# T-statistic small sample hypotesis test and confidence interval examples

## Problem statement

The mean emission of all engines of a new design needs to be below the 20 ppm if the design is to meet new emission requirements. Ten engines are manufactured for a testing purpose, and the emission level of each is determined. The emission data is available in vector X.

Does the data supply sufficient evidence to conclude that the type of engine meets the new standard?

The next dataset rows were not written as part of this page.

definition sym_proj :: "nat \<Rightarrow> complex mat" where
  "sym_proj d = (1/2 :: complex) \<cdot>\<^sub>m (1\<^sub>m (d*d) + swap_op d)"

definition weighted_proj_2design :: "nat \<Rightarrow> nat \<Rightarrow> (nat \<Rightarrow> complex vec) \<Rightarrow> bool" where
  "weighted_proj_2design d n x \<longleftrightarrow>
     (\<forall>k<n. x k \<in> carrier_vec d \<and> vnorm2 (x k) = 1) \<and>
     (\<exists>w :: nat \<Rightarrow> real. (\<forall>k<n. w k \<ge> 0) \<and> (\<Sum>k<n. w k) = 1 \<and>
        msum (d*d) (d*d) n (\<lambda>k. complex_of_real (w k) \<cdot>\<^sub>m outer (tensor_vec (x k) (x k)))
        = complex_of_real (1 / real ((d+1) choose 2)) \<cdot>\<^sub>m sym_proj d)"

(* Entanglement-breaking (Kraus rank-one) decomposition of size n of \<Phi> : C^{dxd} \<rightarrow> C^{mxm} *)
definition eb_decomp :: "nat \<Rightarrow> nat \<Rightarrow> (complex mat \<Rightarrow> complex mat) \<Rightarrow> nat \<Rightarrow> (nat \<Rightarrow> complex mat) \<Rightarrow> bool" where
  "eb_decomp d m \<Phi> n R \<longleftrightarrow>
     (\<forall>k<n. R k \<in> carrier_mat m d \<and> vec_space.rank m (R k) = 1) \<and>
     msum d d n (\<lambda>k. mat_adjoint (R k) * R k) = 1\<^sub>m d \<and>
     (\<forall>X \<in> carrier_mat d d. \<Phi> X = msum m m n (\<lambda>k. R k * X * mat_adjoint (R k)))"

definition entanglement_breaking :: "nat \<Rightarrow> nat \<Rightarrow> (complex mat \<Rightarrow> complex mat) \<Rightarrow> bool" where
  "entanglement_breaking d m \<Phi> \<longleftrightarrow> (\<exists>n R. eb_decomp d m \<Phi> n R)"

definition ebr :: "nat \<Rightarrow> nat \<Rightarrow> (complex mat \<Rightarrow> complex mat) \<Rightarrow> nat" where
  "ebr d m \<Phi> = (LEAST n. \<exists>R. eb_decomp d m \<Phi> n R)"

definition Zmap :: "nat \<Rightarrow> complex mat \<Rightarrow> complex mat" where
  "Zmap d X = (1 / of_nat (d+1) :: complex) \<cdot>\<^sub>m (X + mtrace X \<cdot>\<^sub>m 1\<^sub>m d)"

end

theory Submission
  imports Defs
begin

(* Expanding Z_d(X) = \<Sum>k R_k X R_k^* entrywise shows that a family of Kraus operators R_k
   represents Z_d iff its moments \<Sum>k R_k(a,c) conj (R_k(b,e)) equal
   (\<delta>_ac \<delta>_be + \<delta>_ab \<delta>_ce)/(d+1); these moments already force \<Sum>k R_k^* R_k = I.
   A rank-one Kraus operator u g^T of Z_d is a multiple \<kappa> x x^* of a projection, since the
   moments give \<Sum>k |u_a conj (g_e) - u_e conj (g_a)|^2 = 0.  For Kraus operators \<kappa>_k x_k x_k^*
   the moment identity is precisely the 2-design identity with weights |\<kappa>_k|^2/d.  Hence
   every rank-one Kraus decomposition of Z_d of size n yields a weighted 2-design of size n,
   and every weighted 2-design of size n yields one of size at most n. *)

lemma dim_mat_adjoint [simp]:
  "dim_row (mat_adjoint A) = dim_col A" "dim_col (mat_adjoint A) = dim_row A"
  unfolding mat_adjoint_def by (simp_all add: mat_of_rows_def)

lemma index_mat_adjoint:
  "i < dim_col A \<Longrightarrow> j < dim_row A \<Longrightarrow> mat_adjoint A $$ (i,j) = cnj (A $$ (j,i))"
  unfolding mat_adjoint_def by (simp add: mat_of_rows_def)

lemma dim_msum [simp]: "dim_row (msum nr nc n A) = nr" "dim_col (msum nr nc n A) = nc"
  unfolding msum_def by simp_all

lemma index_msum: "i < nr \<Longrightarrow> j < nc \<Longrightarrow> msum nr nc n A $$ (i,j) = (\<Sum>k<n. A k $$ (i,j))"
  unfolding msum_def by simp

lemma dim_outer [simp]: "dim_row (outer v) = dim_vec v" "dim_col (outer v) = dim_vec v"
  unfolding outer_def by simp_all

Assume we are willing to risk a type I error with probability = 0.01



In [1]:
import numpy as np
from IPython.display import Image
from IPython.core.display import HTML 

In [2]:
## Data

X = np.array([[15.6,16.2,22.5,20.5,16.4,19.4,16.6,17.9,12.7,13.9]])

Let's see what the t table looks like:

In [3]:
Image(url= "http://i.stack.imgur.com/PiSUh.png")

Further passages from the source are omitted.